Given two ranges of numbers, we need to find how many ranges have a complete overlap.

library(tidyverse)
── Attaching packages ─────────────────────────────────────── tidyverse 1.3.2 ──
✔ ggplot2 3.4.0      ✔ purrr   0.3.5 
✔ tibble  3.1.8      ✔ dplyr   1.0.10
✔ tidyr   1.2.1      ✔ stringr 1.4.1 
✔ readr   2.1.3      ✔ forcats 0.5.2 
── Conflicts ────────────────────────────────────────── tidyverse_conflicts() ──
✖ dplyr::filter() masks stats::filter()
✖ dplyr::lag()    masks stats::lag()
data <- read_csv("2022-12-4_assets/input.txt", col_names = FALSE)
Rows: 1000 Columns: 2
── Column specification ────────────────────────────────────────────────────────
Delimiter: ","
chr (2): X1, X2

ℹ Use `spec()` to retrieve the full column specification for this data.
ℹ Specify the column types or set `show_col_types = FALSE` to quiet this message.
elf_ranges <- 
  data |>
  separate(
    X1, 
    into = c("elf1_start", "elf1_end"),
    convert = TRUE
  ) |>
  separate(
    X2,
    into = c("elf2_start", "elf2_end"),
    convert = TRUE
  )

For two ranges of numbers, they overlap if

x1   .....   x2
   y1  .......  y2
   
x1 <= y2
y1 <= x2
overlaps <- 
  elf_ranges |>
  filter(elf1_start <= elf2_end,
         elf2_start <= elf1_end)

I think I have to use disjunction to find complete containment?
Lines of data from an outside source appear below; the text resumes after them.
lemma even_degree_walk_edges:
  assumes "p \<noteq> []" "\<forall>e\<in>#walk_edges p. card e = 2"
  shows "even (degree (walk_edges p) v + of_bool (hd p = v) + of_bool (last p = v))"
  using assms
proof (induction p rule: walk_edges.induct)
  case (1 x y r)
  then have "x \<noteq> y" by auto
  with 1 show ?case by (auto simp: degree_add_mset)
qed (auto simp: degree_def)

lemma even_degree_diff_closed_walk:
  assumes "multigraph V E" "closed_walk V E c" "even (degree E v)"
  shows "even (degree (E - walk_edges c) v)"
proof -
  have "\<forall>e\<in>#walk_edges c. card e = 2"
    using assms(1,2) unfolding multigraph_def closed_walk_def by (meson mset_subset_eqD)
  then have "even (degree (walk_edges c) v)"
    using even_degree_walk_edges[of c v] assms(2) by (auto simp: closed_walk_def)
  then show ?thesis
    using even_degree_diff assms(2,3) by (auto simp: closed_walk_def)
qed

section \<open>Decomposition into simple cycles\<close>

lemma walk_edges_at_start:
  assumes "distinct (u # v # w)" "e \<in># walk_edges (u # v # w)" "u \<in> e"
  shows "e = {u, v}"
  using assms walk_edges_subset_set[of e "v # w"] by auto

lemma closing_simple_cycle:
  assumes "distinct (u # v # w @ [x])" "walk_edges (u # v # w @ [x]) \<subseteq># E" "{x, u} \<in># E"
    and "set (u # v # w @ [x]) \<subseteq> V"
  defines "c \<equiv> x # u # v # w @ [x]"
  shows "closed_walk V E c \<and> simple_cycle c \<and> 2 \<le> path_len c"
proof -
  have "{x, u} \<notin># walk_edges (u # v # w @ [x])"
    using walk_edges_at_start[OF assms(1), of "{x, u}"] assms(1) by (auto simp: doubleton_eq_iff)
  then have "walk_edges c \<subseteq># E"
    using add_mset_subset_eq_if_not_in[OF _ assms(2,3)] by (simp add: c_def)
  moreover have "distinct (butlast c)" using assms(1) by (auto simp: c_def butlast_append)
  ultimately show ?thesis using assms(4)
    by (auto simp: c_def closed_walk_def simple_cycle_def path_len_def)
qed

text \<open>The even degree at the first vertex u of a simple path yields a second edge ux; it either
closes a simple cycle or extends the path, and a simple path has at most card V vertices.\<close>

lemma simple_cycle_from_path:
  assumes "multigraph V E" "\<forall>v. even (degree E v)"
  shows "distinct p \<Longrightarrow> walk_edges p \<subseteq># E \<Longrightarrow> set p \<subseteq> V \<Longrightarrow> 2 \<le> length p \<Longrightarrow>
    \<exists>c. closed_walk V E c \<and> simple_cycle c \<and> 2 \<le> path_len c"
proof (induction "card V - length p" arbitrary: p rule: less_induct)
  case less
  obtain u v r where p: "p = u # v # r"
    using less.prems(4) by (metis Suc_le_length_iff numeral_2_eq_2)
  have uv: "{u, v} \<in># E" using less.prems(2) p by (simp add: insert_subset_eq_iff)
  obtain e' where e': "e' \<in># E - {#{u, v}#}" "u \<in> e'"
    using another_edge_at_even_vertex[OF uv _ ] assms(2) by blast
  have "card e' = 2" using e'(1) assms(1) unfolding multigraph_def by (meson in_diffD)
  then obtain x where x: "e' = {u, x}" "x \<noteq> u" using e'(2) by (rule card_2_elim)
  have xV: "x \<in> V"
    using e'(1) x(1) assms(1) unfolding multigraph_def by (meson in_diffD insert_subset)
  have xu: "{x, u} \<in># E" using e'(1) x(1) by (metis in_diffD insert_commute)
  consider "x = v" | "x \<notin> set p" | r1 r2 where "r = r1 @ x # r2"
    using p x(2) by (metis set_ConsD split_list)
  then show ?case
  proof cases
    case 1
    have "walk_edges [u, v, u] \<subseteq># E"
      using e' x 1 uv by (simp add: insert_commute insert_subset_eq_iff)
    then show ?thesis using less.prems(1,3) p x(2) 1
      by (intro exI[of _ "[u, v, u]"]) (simp add: closed_walk_def simple_cycle_def path_len_def)
  next
    case 2
    have "{x, u} \<notin># walk_edges p" using 2 walk_edges_subset_set by blast
    then have "walk_edges (x # p) \<subseteq># E"
      using add_mset_subset_eq_if_not_in[OF _ less.prems(2) xu] p by simp
    moreover have "length (x # p) \<le> card V"
      using less.prems(1,3) 2 xV assms(1) unfolding multigraph_def
      by (metis card_mono distinct.simps(2) distinct_card insert_subset list.simps(15))
    ultimately show ?thesis
      using less.hyps[of "x # p"] less.prems 2 xV by simp
  next
    case 3
    have p_split: "p = (u # v # r1 @ [x]) @ r2" using p 3 by simp
    have "walk_edges (u # v # r1 @ [x]) \<subseteq># E"
      using less.prems(2) walk_edges_append_mono subset_mset.order_trans unfolding p_split by blast
    then show ?thesis
      using closing_simple_cycle[OF _ _ xu] less.prems(1,3) unfolding p_split by auto
  qed
qed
Either

x1 .......... x2
   y1 ... y2
   
x1 <= y1 & x2 >= y2 || y1 <= x1 & y2 >= x2
overlaps |>
  filter((elf1_start <= elf2_start & elf1_end >= elf2_end) | 
           (elf2_start <= elf1_start & elf2_end >= elf1_end)) |>
  nrow()
[1] 441

Part 2

Hah! Got the number of overlaps first!

overlaps |> nrow()
[1] 861

Just for Fun

library(showtext)
Loading required package: sysfonts
Loading required package: showtextdb
library(ggdark)
library(scales)

Attaching package: 'scales'
The following object is masked from 'package:purrr':

    discard
The following object is masked from 'package:readr':

    col_factor
library(khroma)

font_add_google(name = "Mountains of Christmas", family = "christmas")
showtext_auto()

theme_set(dark_theme_gray() + 
            theme(title = element_text(family = "christmas", size = 20)))
Inverted geom defaults of fill and color/colour.
To change them back, use invert_geom_defaults().
overlaps |>
  rowwise() |>
  mutate(overlap_start = max(c(elf1_start, elf2_start)),
         overlap_end = min(c(elf1_end, elf2_end)),
         overlap_df = map2(overlap_start, overlap_end, ~tibble(position = .x:.y))) |>
  select(overlap_df) |>
  unnest(overlap_df) |>
  ggplot(aes(position))+
    stat_bin(binwidth = 1,
             aes(y = after_stat(count), 
                 fill = after_stat(count))) +
    stat_density(aes(y = after_stat(count),
                     linewidth = after_stat(count)), 
                 geom = "path")+
    scale_fill_oslo(guide = "none")+
    scale_linewidth(guide = "none")+
    labs(title = "overlap by position")

Figure 1: Degree of overlap by position